:: What is needed ::
Transcribe, verbatim, every line from the start of the entries through the line that contains "using assms by (intro powr_mono2') auto"; include both boundary lines and omit all others.

:: Task data ::
lemma step_size_ratio_le:
  fixes t \<alpha> :: real
  assumes "0 \<le> \<alpha>" "\<alpha> \<le> 1" "1 \<le> t"
  shows "\<bar>1 - (t + 1) powr (- \<alpha>) * t powr \<alpha>\<bar> \<le> t powr (\<alpha> - 1)"
proof -
  define b where "b = t / (t + 1)"
  have b: "0 < b" "b \<le> 1" unfolding b_def using assms by auto
  have ratio: "(t + 1) powr (- \<alpha>) * t powr \<alpha> = b powr \<alpha>"
    unfolding b_def using assms by (simp add: powr_divide powr_minus field_simps)
  have "b \<le> b powr \<alpha>" "b powr \<alpha> \<le> 1"
    using b assms powr_mono'[of \<alpha> 1 b] by (auto intro: powr_le1)
  then have "\<bar>1 - b powr \<alpha>\<bar> \<le> 1 - b" by linarith
  also have "\<dots> \<le> t powr (- 1)"
    unfolding b_def using assms by (simp add: powr_minus_divide field_simps)
  also have "\<dots> \<le> t powr (\<alpha> - 1)"
    using assms by (intro powr_mono) auto
  finally show ?thesis unfolding ratio .
qed

text \<open>The assumption \<open>\<alpha> \<ge> 1/2\<close> enters here: the step size must decay at least as fast as the
  error rate \<open>t\<^sup>\<alpha>\<^sup>-\<^sup>1\<close>.\<close>
lemma step_size_le:
  fixes t \<alpha> :: real
  assumes "1/2 \<le> \<alpha>" "1 \<le> t"
  shows "(t + 1) powr (- \<alpha>) \<le> t powr (\<alpha> - 1)"
    and "((t + 1) powr (- \<alpha>))^2 * t powr \<alpha> \<le> t powr (\<alpha> - 1)"
proof -
  have decay: "(t + 1) powr (- \<alpha>) \<le> t powr (- \<alpha>)"
    using assms by (intro powr_mono2') auto
  also have rate: "t powr (- \<alpha>) \<le> t powr (\<alpha> - 1)"
    using assms by (intro powr_mono) auto
  finally show "(t + 1) powr (- \<alpha>) \<le> t powr (\<alpha> - 1)" .
  have "((t + 1) powr (- \<alpha>))^2 * t powr \<alpha> \<le> (t powr (- \<alpha>))^2 * t powr \<alpha>"
    using decay by (intro mult_right_mono power_mono) auto
  also have "\<dots> = t powr (- \<alpha>)"
    using assms by (simp add: power2_eq_square powr_add[symmetric])
  finally show "((t + 1) powr (- \<alpha>))^2 * t powr \<alpha> \<le> t powr (\<alpha> - 1)"
    using rate by linarith
qed

text \<open>The rate \<open>T\<^sup>\<alpha>\<^sup>-\<^sup>1\<close>, with value \<open>1\<close> at \<open>T = 0\<close>, where \<open>0 powr (\<alpha> - 1) = 0\<close>.\<close>
definition poly_rate :: "real \<Rightarrow> nat \<Rightarrow> real" where
  "poly_rate \<alpha> T = (if T = 0 then 1 else real T powr (\<alpha> - 1))"

lemma poly_rate_nonneg: "0 \<le> poly_rate \<alpha> T"
  unfolding poly_rate_def by simp

lemma step_size_estimates:
  assumes "1/2 < \<alpha>" "\<alpha> < 1"
  shows "\<bar>real T powr \<alpha> - real (Suc T) powr \<alpha>\<bar> \<le> poly_rate \<alpha> T"
    and "\<bar>1 - real (Suc T) powr (- \<alpha>) * real T powr \<alpha>\<bar> \<le> poly_rate \<alpha> T"
    and "real (Suc T) powr (- \<alpha>) \<le> poly_rate \<alpha> T"
    and "(real (Suc T) powr (- \<alpha>))^2 * real T powr \<alpha> \<le> poly_rate \<alpha> T"
    and "(real (Suc T) powr (- \<alpha>))^2 \<le> poly_rate \<alpha> T"
proof -
  have Suc: "real (Suc T) = real T + 1" by simp
  show "\<bar>real T powr \<alpha> - real (Suc T) powr \<alpha>\<bar> \<le> poly_rate \<alpha> T"
    using powr_succ_diff_le[of \<alpha> "real T"] assms unfolding Suc by (cases "T = 0") (auto simp: poly_rate_def)
  show "\<bar>1 - real (Suc T) powr (- \<alpha>) * real T powr \<alpha>\<bar> \<le> poly_rate \<alpha> T"
    using step_size_ratio_le[of \<alpha> "real T"] assms unfolding Suc by (cases "T = 0") (auto simp: poly_rate_def)
  show "real (Suc T) powr (- \<alpha>) \<le> poly_rate \<alpha> T"
    using step_size_le(1)[of \<alpha> "real T"] assms unfolding Suc by (cases "T = 0") (auto simp: poly_rate_def)
  show sq: "(real (Suc T) powr (- \<alpha>))^2 * real T powr \<alpha> \<le> poly_rate \<alpha> T"
    using step_size_le(2)[of \<alpha> "real T"] assms unfolding Suc by (cases "T = 0") (auto simp: poly_rate_def)
  show "(real (Suc T) powr (- \<alpha>))^2 \<le> poly_rate \<alpha> T"
  proof (cases "T = 0")
    case False
    then have "1 \<le> real T powr \<alpha>"
      using assms by (intro ge_one_powr_ge_zero) auto
    then have "(real (Suc T) powr (- \<alpha>))^2 \<le> (real (Suc T) powr (- \<alpha>))^2 * real T powr \<alpha>"
      by (simp add: mult_le_cancel_left1)
    with sq show ?thesis by linarith
  qed (simp add: poly_rate_def)
qed

lemma remainder_coefficient_bound:
  fixes a c r nX nY \<eta> \<eta>0 s d1 d2 :: real
  assumes "\<bar>d1\<bar> \<le> r" "\<bar>d2\<bar> \<le> r" "\<eta> \<le> \<eta>0 * r" "\<eta>^2 * s \<le> \<eta>0^2 * r" "\<eta>^2 \<le> \<eta>0^2 * r"
    and "0 \<le> nX" "nX \<le> c * nY" "0 \<le> nY" "0 \<le> a" "0 \<le> r"
  shows "\<bar>d1\<bar> * nX + \<bar>d2\<bar> * nY + \<eta> * (2 * a * nY) + \<eta>^2 * s * a^2 * nX + \<eta>^2 * a^2 * nY
    \<le> (c + 1 + 2 * a * \<eta>0 + \<eta>0^2 * a^2 * (c + 1)) * nY * r"
proof -
  have "\<bar>d1\<bar> * nX \<le> r * (c * nY)"
    using assms by (intro mult_mono) auto
  moreover have "\<bar>d2\<bar> * nY \<le> r * nY"
    using assms by (intro mult_right_mono) auto
  moreover have "\<eta> * (2 * a * nY) \<le> (\<eta>0 * r) * (2 * a * nY)"
    using assms by (intro mult_right_mono) auto
  moreover have "(\<eta>^2 * s) * (a^2 * nX) \<le> (\<eta>0^2 * r) * (a^2 * (c * nY))"
    using assms by (intro mult_mono[OF _ mult_left_mono]) auto
  moreover have "\<eta>^2 * (a^2 * nY) \<le> (\<eta>0^2 * r) * (a^2 * nY)"
    using assms by (intro mult_right_mono) auto
  moreover have "r * (c * nY) + r * nY + (\<eta>0 * r) * (2 * a * nY) + (\<eta>0^2 * r) * (a^2 * (c * nY))
      + (\<eta>0^2 * r) * (a^2 * nY) = (c + 1 + 2 * a * \<eta>0 + \<eta>0^2 * a^2 * (c + 1)) * nY * r"
    by (simp add: algebra_simps)
  ultimately show ?thesis by (simp add: mult_ac)
qed

lemma sandwich_deviation_step:
  fixes A X Y :: "real^'n^'n" and T :: nat
  assumes coercive: "\<And>x. m * norm x ^ 2 \<le> x \<bullet> (A *v x)" and "0 < \<eta>0"
    and lyap: "\<eta>0 *\<^sub>R (A ** X + X ** transpose A) = Y"
    and X: "spec_norm X \<le> c * spec_norm Y" and \<alpha>: "1/2 < \<alpha>" "\<alpha> < 1"
  defines "M \<equiv> \<lambda>k. mat 1 - (\<eta>0 * real k powr (- \<alpha>)) *\<^sub>R A"
    and "\<eta> \<equiv> \<eta>0 * real (Suc T) powr (- \<alpha>)"
    and "a \<equiv> spec_norm A"
  shows "spec_norm (sandwich_sum M Y (Suc T) - real (Suc T) powr \<alpha> *\<^sub>R X)
    \<le> (1 - 2 * \<eta> * m + \<eta>^2 * a^2) * spec_norm (sandwich_sum M Y T - real T powr \<alpha> *\<^sub>R X)
       + (c + 1 + 2 * a * \<eta>0 + \<eta>0^2 * a^2 * (c + 1)) * spec_norm Y * poly_rate \<alpha> T"
proof -
  define s where "s = real T powr \<alpha>"
  define s' where "s' = real (Suc T) powr \<alpha>"
  define D where "D = sandwich_sum M Y T - s *\<^sub>R X"
  define r where "r = poly_rate \<alpha> T"
  have "0 \<le> \<eta>" "0 \<le> s" "0 \<le> r" unfolding \<eta>_def s_def r_def using \<open>0 < \<eta>0\<close> poly_rate_nonneg by auto
  have "sandwich_sum M Y (Suc T) = M (Suc T) ** (D + (s *\<^sub>R X + Y)) ** transpose (M (Suc T))"
    unfolding D_def M_def by (simp add: sandwich_sum_Suc gradient_step_commute)
  then have split: "sandwich_sum M Y (Suc T) - s' *\<^sub>R X = M (Suc T) ** D ** transpose (M (Suc T))
      + (M (Suc T) ** (s *\<^sub>R X + Y) ** transpose (M (Suc T)) - s' *\<^sub>R X)"
    by (simp add: matrix_add_ldistrib matrix_add_rdistrib)
  have M: "M (Suc T) = mat 1 - \<eta> *\<^sub>R A" unfolding M_def \<eta>_def ..
  have "spec_norm (M (Suc T) ** D ** transpose (M (Suc T))) \<le> spec_norm (M (Suc T)) ^ 2 * spec_norm D"
    by (rule spec_norm_sandwich_le)
  also have "\<dots> \<le> (1 - 2 * \<eta> * m + \<eta>^2 * a^2) * spec_norm D"
    unfolding M a_def using gradient_step_spec_norm_sq[OF coercive \<open>0 \<le> \<eta>\<close>]
    by (rule mult_right_mono) (rule spec_norm_nonneg)
  finally have contraction: "spec_norm (M (Suc T) ** D ** transpose (M (Suc T)))
      \<le> (1 - 2 * \<eta> * m + \<eta>^2 * a^2) * spec_norm D" .
  have "\<eta> * s / \<eta>0 = real (Suc T) powr (- \<alpha>) * real T powr \<alpha>"
    unfolding \<eta>_def s_def using \<open>0 < \<eta>0\<close> by simp
  moreover have "\<eta>^2 * s = \<eta>0^2 * ((real (Suc T) powr (- \<alpha>))^2 * real T powr \<alpha>)"
    "\<eta>^2 = \<eta>0^2 * (real (Suc T) powr (- \<alpha>))^2"
    unfolding \<eta>_def s_def by (simp_all add: power_mult_distrib)
  ultimately have "\<bar>s - s'\<bar> \<le> r" "\<bar>1 - \<eta> * s / \<eta>0\<bar> \<le> r" "\<eta> \<le> \<eta>0 * r"
    "\<eta>^2 * s \<le> \<eta>0^2 * r" "\<eta>^2 \<le> \<eta>0^2 * r"
    using step_size_estimates[OF \<alpha>, of T] \<open>0 < \<eta>0\<close>
    unfolding r_def s_def s'_def \<eta>_def by (simp_all add: mult_left_mono)
  then have remainder: "spec_norm (M (Suc T) ** (s *\<^sub>R X + Y) ** transpose (M (Suc T)) - s' *\<^sub>R X)
      \<le> (c + 1 + 2 * a * \<eta>0 + \<eta>0^2 * a^2 * (c + 1)) * spec_norm Y * r"
    unfolding M a_def using \<open>0 < \<eta>0\<close> \<open>0 \<le> \<eta>\<close> \<open>0 \<le> s\<close> \<open>0 \<le> r\<close> X
    by (intro order_trans[OF lyapunov_sandwich_remainder_bound[OF lyap] remainder_coefficient_bound])
      (auto simp: spec_norm_nonneg)
  have "spec_norm (sandwich_sum M Y (Suc T) - s' *\<^sub>R X)
      \<le> (1 - 2 * \<eta> * m + \<eta>^2 * a^2) * spec_norm D + (c + 1 + 2 * a * \<eta>0 + \<eta>0^2 * a^2 * (c + 1)) * spec_norm Y * r"
    unfolding split using spec_norm_add contraction remainder by (rule order_trans[OF _ add_mono])
  then show ?thesis unfolding D_def s_def s'_def r_def .
qed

:: Completed task ::
lemma step_size_ratio_le:
  fixes t \<alpha> :: real
  assumes "0 \<le> \<alpha>" "\<alpha> \<le> 1" "1 \<le> t"
  shows "\<bar>1 - (t + 1) powr (- \<alpha>) * t powr \<alpha>\<bar> \<le> t powr (\<alpha> - 1)"
proof -
  define b where "b = t / (t + 1)"
  have b: "0 < b" "b \<le> 1" unfolding b_def using assms by auto
  have ratio: "(t + 1) powr (- \<alpha>) * t powr \<alpha> = b powr \<alpha>"
    unfolding b_def using assms by (simp add: powr_divide powr_minus field_simps)
  have "b \<le> b powr \<alpha>" "b powr \<alpha> \<le> 1"
    using b assms powr_mono'[of \<alpha> 1 b] by (auto intro: powr_le1)
  then have "\<bar>1 - b powr \<alpha>\<bar> \<le> 1 - b" by linarith
  also have "\<dots> \<le> t powr (- 1)"
    unfolding b_def using assms by (simp add: powr_minus_divide field_simps)
  also have "\<dots> \<le> t powr (\<alpha> - 1)"
    using assms by (intro powr_mono) auto
  finally show ?thesis unfolding ratio .
qed

text \<open>The assumption \<open>\<alpha> \<ge> 1/2\<close> enters here: the step size must decay at least as fast as the
  error rate \<open>t\<^sup>\<alpha>\<^sup>-\<^sup>1\<close>.\<close>
lemma step_size_le:
  fixes t \<alpha> :: real
  assumes "1/2 \<le> \<alpha>" "1 \<le> t"
  shows "(t + 1) powr (- \<alpha>) \<le> t powr (\<alpha> - 1)"
    and "((t + 1) powr (- \<alpha>))^2 * t powr \<alpha> \<le> t powr (\<alpha> - 1)"
proof -
  have decay: "(t + 1) powr (- \<alpha>) \<le> t powr (- \<alpha>)"
    using assms by (intro powr_mono2') auto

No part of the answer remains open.